Wednesday, July 22, 2015

Wednesday Words With Melissa Morris Inoa - First Year Teacher Resource Specialist for Technology

Q1 As you reflect on your last year(s) in education, what is a stand out moment for you?
Something standing out to me right now is the idea of how quickly things can and do change. This is not a single moment, nor is it news, but it is an idea that is becoming increasingly more important to me:  how much change occurs, how receptive or resistant we are to change, what we do with the change; where the change originates, and what other changes it creates.

Changes with technology, especially, are happening quite quickly these days. These rapid and disruptive changes have a huge and immediate impact to the field of education, and our society in general. (Keep in mind that the first iPad was only released in April of 2010 and the first Chromebook in June of 2011...and now it’s difficult to imagine schools -- and museums and doctors’ offices and car dealerships -- without them!) Not everyone responds to these changes in the same way, so change and growth (or the lack thereof) are ideas that I’m sure I will be reflecting and focusing on for a while.  

Q2 Who or what inspires you as an educator? Education is not an easy field. Many people who get into the field of education don’t stay for long, because teaching is extremely hard work and there are new challenges all the time. What inspires me -- and what keeps me in this increasingly demanding field -- are my students. Helping my students to view themselves as learners, set and achieve goals, become impassioned to try new things, and share their ideas and talents with others is what keeps me in this field. Now that my role includes working directly with other educators, they are inspiring me as well. Their goals are my goals, and we are working to accomplish them together.

Q3 How do you integrate technology into your teaching?
Integrating new uses for technology became a part of my teaching practice when I was a novice teacher and was looking for ways to motivate some very, very disengaged students. The actual devices and sites that we used were really secondary to the goal of increasing engagement and empowering my students as learners. Being receptive to new ideas and new ways to engage my students has always been at the core of my practice.

I try to make sure that my students understand what we are learning and why, and that they are a part of the process. We all need to understand how something is relevant to us, both as individuals and as part of a community or society, in order to really learn. I guide my students in putting ideas in their own words, setting goals for themselves and monitoring their progress, reflecting on their learning process, and taking control of their own learning. Technology is a great way to personalize and differentiate learning. When students choose to use a device or a certain app or website, they are making decisions about their learning process.

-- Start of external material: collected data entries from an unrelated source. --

(* Let $\mathscr{B}$ be a minimal balanced collection on $N$ and $S'\in\mathscr{B}$. Let $z\in\mathbb{R}^N_+$ with $z\neq\mathbf{1}^{S'}$ and $z_i>0$ if and only if $i\in S'$, and let $Z=\{\mathbf{1}^S\mid S\in\mathscr{B}\setminus\{S'\}\}\cup\{z\}$. If $Z$ is a minimal balanced set, then (a) there exists a vector $y$ in the orthogonal complement of $\mathrm{span}\{\mathbf{1}^S\mid S\in\mathscr{B}\setminus\{S'\}\}$ with $z\cdot y\neq0$, and (b) $z\in\mathrm{span}\{\mathbf{1}^S\mid S\in\mathscr{B}\}$.
   Context: $\mathbf{1}^S\in\mathbb{R}^N$ is the characteristic vector of $S\subseteq N$, $\mathbb{R}^N_+$ the nonnegative orthant. A collection $\mathscr{B}$ of nonempty subsets of $N$ is balanced if there exist positive weights $(\lambda_S)$ with $\sum_{S\in\mathscr{B}}\lambda_S\mathbf{1}^S=\mathbf{1}^N$, and minimal if no proper subcollection is balanced. A finite set $Z\subseteq\mathbb{R}^N_+\setminus\{0\}$ is a balanced set if there exist positive weights $(\delta_w)_{w\in Z}$ with $\sum_{w\in Z}\delta_w w=\mathbf{1}^N$; it is a minimal balanced set if no proper subset of $Z$ is balanced. *)

theory Defs
  imports "HOL-Analysis.Analysis"
begin

text \<open>The player set N is the (finite) universe of the index type 'n;
  vectors in R^N are elements of real^'n.\<close>

definition charvec :: "'n::finite set \<Rightarrow> real^'n" where
  "charvec S = (\<chi> i. if i \<in> S then 1 else 0)"

definition balanced_collection :: "'n::finite set set \<Rightarrow> bool" where
  "balanced_collection B \<longleftrightarrow> (\<forall>S\<in>B. S \<noteq> {}) \<and>
     (\<exists>lam::'n set \<Rightarrow> real. (\<forall>S\<in>B. lam S > 0) \<and>
        (\<Sum>S\<in>B. lam S *\<^sub>R charvec S) = charvec (UNIV::'n set))"

definition minimal_balanced_collection :: "'n::finite set set \<Rightarrow> bool" where
  "minimal_balanced_collection B \<longleftrightarrow> balanced_collection B \<and>
     (\<forall>C. C \<subset> B \<longrightarrow> \<not> balanced_collection C)"

definition nonneg_orthant :: "(real^'n::finite) set" where
  "nonneg_orthant = {x. \<forall>i. x $ i \<ge> 0}"

definition balanced_set :: "(real^'n::finite) set \<Rightarrow> bool" where
  "balanced_set Z \<longleftrightarrow> finite Z \<and> Z \<subseteq> nonneg_orthant - {0} \<and>
     (\<exists>\<delta>::real^'n \<Rightarrow> real. (\<forall>w\<in>Z. \<delta> w > 0) \<and>
        (\<Sum>w\<in>Z. \<delta> w *\<^sub>R w) = charvec (UNIV::'n set))"

definition minimal_balanced_set :: "(real^'n::finite) set \<Rightarrow> bool" where
  "minimal_balanced_set Z \<longleftrightarrow> balanced_set Z \<and>
     (\<forall>Y. Y \<subset> Z \<longrightarrow> \<not> balanced_set Y)"

end

theory Submission
  imports Defs
begin

text \<open>A positive representation of \<open>\<one>\<^sup>N\<close> by a linearly dependent set can be shifted along a
  linear dependence until one weight vanishes, so a minimal balanced set is linearly
  independent. Hence \<open>z\<close> lies outside the span \<open>W\<close> of the remaining vectors \<open>\<one>\<^sup>S\<close>, and the
  component of \<open>z\<close> orthogonal to \<open>W\<close> gives (a). Solving the balancing equation for \<open>z\<close>
  expresses it through \<open>\<one>\<^sup>N\<close> and \<open>W\<close>, both inside \<open>span {\<one>\<^sup>S | S \<in> \<B>}\<close>, which gives (b).\<close>

lemma positive_combination_dependent_reduce:
  fixes Z :: "'a::real_vector set"
  assumes "finite Z" and "dependent Z"
    and pos: "\<forall>w\<in>Z. d w > 0" and sum_d: "(\<Sum>w\<in>Z. d w *\<^sub>R w) = v"
  obtains Y d' where "Y \<subset> Z" "\<forall>w\<in>Y. d' w > 0" "(\<Sum>w\<in>Y. d' w *\<^sub>R w) = v"
proof -
  obtain u where "\<exists>x\<in>Z. u x \<noteq> 0" and sum_u: "(\<Sum>w\<in>Z. u w *\<^sub>R w) = 0"
    using assms(1,2) dependent_finite by blast
  then obtain c where c_pos: "\<exists>x\<in>Z. c x > 0" and sum_c: "(\<Sum>w\<in>Z. c w *\<^sub>R w) = 0"
  proof (cases "\<exists>x\<in>Z. u x > 0")
    case True
    then show ?thesis
      using sum_u by (rule that)
  next
    case False
    then have "\<exists>x\<in>Z. - u x > 0"
      using \<open>\<exists>x\<in>Z. u x \<noteq> 0\<close> by force
    moreover have "(\<Sum>w\<in>Z. (- u w) *\<^sub>R w) = 0"
      using sum_u by (simp add: sum_negf)
    ultimately show ?thesis
      by (rule that)
  qed
  define P where "P = {w\<in>Z. c w > 0}"
  have "finite P" "P \<noteq> {}"
    using assms(1) c_pos by (auto simp: P_def)
  \<comment> \<open>the longest step along \<open>-c\<close> keeping all weights nonnegative; it kills the weight of \<open>w0\<close>\<close>
  define t where "t = Min ((\<lambda>w. d w / c w) ` P)"
  have "t \<in> (\<lambda>w. d w / c w) ` P"
    unfolding t_def using \<open>finite P\<close> \<open>P \<noteq> {}\<close> by (intro Min_in) auto
  then obtain w0 where w0: "w0 \<in> P" "t = d w0 / c w0"
    by blast
  have "t > 0"
    using w0 pos by (auto simp: P_def)
  define d' where "d' w = d w - t * c w" for w
  have d'_nonneg: "d' w \<ge> 0" if "w \<in> Z" for w
  proof (cases "c w > 0")
    case True
    then have "t \<le> d w / c w"
      using \<open>finite P\<close> that unfolding t_def by (intro Min_le) (auto simp: P_def)
    then show ?thesis
      using True by (simp add: d'_def pos_le_divide_eq)
  next
    case False
    then have "t * c w \<le> 0"
      using \<open>t > 0\<close> by (simp add: mult_nonneg_nonpos)
    then show ?thesis
      using pos that by (fastforce simp: d'_def)
  qed
  define Y where "Y = {w\<in>Z. d' w > 0}"
  have d'_zero: "d' w = 0" if "w \<in> Z - Y" for w
    using that d'_nonneg[of w] by (simp add: Y_def)
  have "w0 \<in> Z - Y"
    using w0 by (auto simp: P_def Y_def d'_def)
  then have "Y \<subset> Z"
    by (auto simp: Y_def)
  moreover have "\<forall>w\<in>Y. d' w > 0"
    by (simp add: Y_def)
  moreover have "(\<Sum>w\<in>Y. d' w *\<^sub>R w) = v"
  proof -
    have "(\<Sum>w\<in>Y. d' w *\<^sub>R w) = (\<Sum>w\<in>Z. d' w *\<^sub>R w)"
      using assms(1) \<open>Y \<subset> Z\<close> d'_zero by (intro sum.mono_neutral_left) auto
    also have "\<dots> = (\<Sum>w\<in>Z. d w *\<^sub>R w) - t *\<^sub>R (\<Sum>w\<in>Z. c w *\<^sub>R w)"
      by (simp add: d'_def scaleR_diff_left sum_subtractf scaleR_sum_right)
    finally show ?thesis
      using sum_d sum_c by simp
  qed
  ultimately show ?thesis
    by (rule that)
qed

lemma minimal_balanced_set_independent:
  assumes "minimal_balanced_set Z"
  shows "independent Z"
proof
  assume "dependent Z"
  obtain d where "finite Z" "Z \<subseteq> nonneg_orthant - {0}"
    and pos: "\<forall>w\<in>Z. d w > 0" and sum_d: "(\<Sum>w\<in>Z. d w *\<^sub>R w) = charvec UNIV"
    using assms by (auto simp: minimal_balanced_set_def balanced_set_def)
  then obtain Y d' where "Y \<subset> Z" "\<forall>w\<in>Y. d' w > 0" "(\<Sum>w\<in>Y. d' w *\<^sub>R w) = charvec UNIV"
    using positive_combination_dependent_reduce[OF \<open>finite Z\<close> \<open>dependent Z\<close> pos sum_d] by blast
  moreover from \<open>Y \<subset> Z\<close> have "Y \<subseteq> Z"
    by blast
  ultimately have "balanced_set Y"
    using \<open>finite Z\<close> \<open>Z \<subseteq> nonneg_orthant - {0}\<close> unfolding balanced_set_def
    by (blast intro: finite_subset)
  with \<open>Y \<subset> Z\<close> assms show False
    by (auto simp: minimal_balanced_set_def)
qed

lemma balanced_set_member_in_span:
  assumes "balanced_set Z" and "w \<in> Z"
  shows "w \<in> span (insert (charvec UNIV) (Z - {w}))"
proof -
  obtain d where "finite Z" "d w > 0" and sum_d: "(\<Sum>v\<in>Z. d v *\<^sub>R v) = charvec UNIV"
    using assms by (auto simp: balanced_set_def)
  let ?V = "span (insert (charvec UNIV) (Z - {w}))"
  have "charvec UNIV = d w *\<^sub>R w + (\<Sum>v\<in>Z - {w}. d v *\<^sub>R v)"
    using sum_d \<open>finite Z\<close> \<open>w \<in> Z\<close> by (simp add: sum.remove)
  then have "d w *\<^sub>R w = charvec UNIV - (\<Sum>v\<in>Z - {w}. d v *\<^sub>R v)"
    by (simp add: algebra_simps)
  also have "\<dots> \<in> ?V"
    by (intro span_diff span_sum span_scale span_base) auto
  finally have "(1 / d w) *\<^sub>R (d w *\<^sub>R w) \<in> ?V"
    by (rule span_scale)
  with \<open>d w > 0\<close> show ?thesis
    by simp
qed

lemma balanced_collection_charvec_UNIV_in_span:
  assumes "balanced_collection B"
  shows "charvec UNIV \<in> span (charvec ` B)"
proof -
  obtain lam where "(\<Sum>S\<in>B. lam S *\<^sub>R charvec S) = charvec UNIV"
    using assms by (auto simp: balanced_collection_def)
  moreover have "(\<Sum>S\<in>B. lam S *\<^sub>R charvec S) \<in> span (charvec ` B)"
    by (intro span_sum span_scale span_base) auto
  ultimately show ?thesis
    by simp
qed

lemma charvec_component_pos_iff: "charvec S $ i > 0 \<longleftrightarrow> i \<in> S"
  by (simp add: charvec_def)

lemma not_in_span_imp_orthogonal_comp_witness:
  fixes x :: "'a::euclidean_space"
  assumes "x \<notin> span W"
  shows "\<exists>y \<in> orthogonal_comp (span W). x \<bullet> y \<noteq> 0"
proof -
  have "x \<notin> orthogonal_comp (orthogonal_comp (span W))"
    using assms by (simp add: orthogonal_comp_self)
  then show ?thesis
    by (auto simp: orthogonal_comp_def orthogonal_def inner_commute)
qed

theorem proposition6p2:
  fixes B :: "'n::finite set set" and S' :: "'n set" and z :: "real^'n"
  assumes "minimal_balanced_collection B"
    and "S' \<in> B"
    and "z \<in> nonneg_orthant"
    and "z \<noteq> charvec S'"
    and "\<And>i. z $ i > 0 \<longleftrightarrow> i \<in> S'"
    and "minimal_balanced_set (charvec ` (B - {S'}) \<union> {z})"
  shows "(\<exists>y \<in> orthogonal_comp (span (charvec ` (B - {S'}))). z \<bullet> y \<noteq> 0)
         \<and> z \<in> span (charvec ` B)"
proof -
  define W where "W = charvec ` (B - {S'})"
  have "z \<notin> W"
    using assms(5) charvec_component_pos_iff by (auto simp: W_def)
  then have Z_minus_z: "(W \<union> {z}) - {z} = W"
    by auto
  have "independent (W \<union> {z})"
    using assms(6) minimal_balanced_set_independent by (simp add: W_def)
  then have "z \<notin> span W"
    using Z_minus_z by (auto simp: dependent_def)
  then have part_a: "\<exists>y \<in> orthogonal_comp (span W). z \<bullet> y \<noteq> 0"
    by (rule not_in_span_imp_orthogonal_comp_witness)
  have "z \<in> span (insert (charvec UNIV) W)"
    using balanced_set_member_in_span[of "W \<union> {z}" z] assms(6) Z_minus_z
    by (simp add: W_def minimal_balanced_set_def)
  moreover have "insert (charvec UNIV) W \<subseteq> span (charvec ` B)"
    using assms(1) balanced_collection_charvec_UNIV_in_span
    by (auto simp: W_def minimal_balanced_collection_def intro: span_base)
  ultimately have "z \<in> span (charvec ` B)"
    using span_minimal[OF _ subspace_span] by blast
  with part_a show ?thesis
    by (simp add: W_def)
qed

end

Q4 What resources do you use to learn about new instructional technology? Where/how do you do your tech-sploration?
I read a lot. (I prefer actual books, but also read magazines, ebooks, and online journals.) As my career has evolved to not only teach students, but to also assist and provide resources for colleagues, I’ve found that it is helpful to follow ideas from all fields and disciplines. I pay attention to how events are organized when I attend them and the way that information is shared with me. I watch how traffic patterns on highways change over time and which products are displayed in stores. I notice how my bank updates their mobile app and how the convenience store implements new ways to order sandwiches. As I encounter new ideas and experiences, I tend to think about how those ideas can translate to the classroom. I think of my students, their interests, their struggles, and I see if there are connections that can be made.

For me, the greatest sources of tech-sploration are usually conversations. I love talking with people about the goals or tasks they are trying to accomplish. I love brainstorming with them -- whether students, other educators, or individuals outside of the field of education -- about what they’ve already tried, what worked and what didn’t, what else there is to try. There are new technologies developed every day. There are new ways to use old technology being explored all the time. I believe that we learn from our experiences as well as the experiences of others and that by sharing ideas and resources, new ideas emerge.

Q5 What's next for you in the coming year?
Many, many new things are coming this year! For starters, I’m going to be working at the high school level for the first time. Most of my teaching career has been at the middle school level, and so it will be exciting to work with an older population of students who are more independent, already identifying areas of concentration, and thinking about their futures beyond high school. It will be especially fun for me to work again with students that I taught back when they were in 7th grade! As an instructional coach, I will be working alongside other educators from all content areas. Our work will be focused on developing, collecting, and cataloging best practices and resources for facilitating future ready classrooms.

I will also be starting a new graduate program this fall, studying the concepts of creativity and innovation. My work will include exploring how the habits and practices of creative and innovative people, in many different fields and all parts of the world, can be translated to the field of education. I’m excited!

Melissa Morris Inoa
Melissa Morris Inoa is a Teacher Resource Specialist for Technology and Instruction in New Jersey. She works alongside teachers to integrate technology into instruction in meaningful and relevant ways. She is a proponent of the growth mindset and innovative practices.  

Melissa is also a former special education and language arts teacher, teaching since 2005. She is currently studying Creativity and Innovation at Drexel University and has a BA in English from Rutgers University and a MA in Inclusive Education from Georgian Court University. She holds a Supervisor certificate as well as certificates of instruction in Elementary Education, Teacher of Students with Disabilities, and Literacy/Language Arts.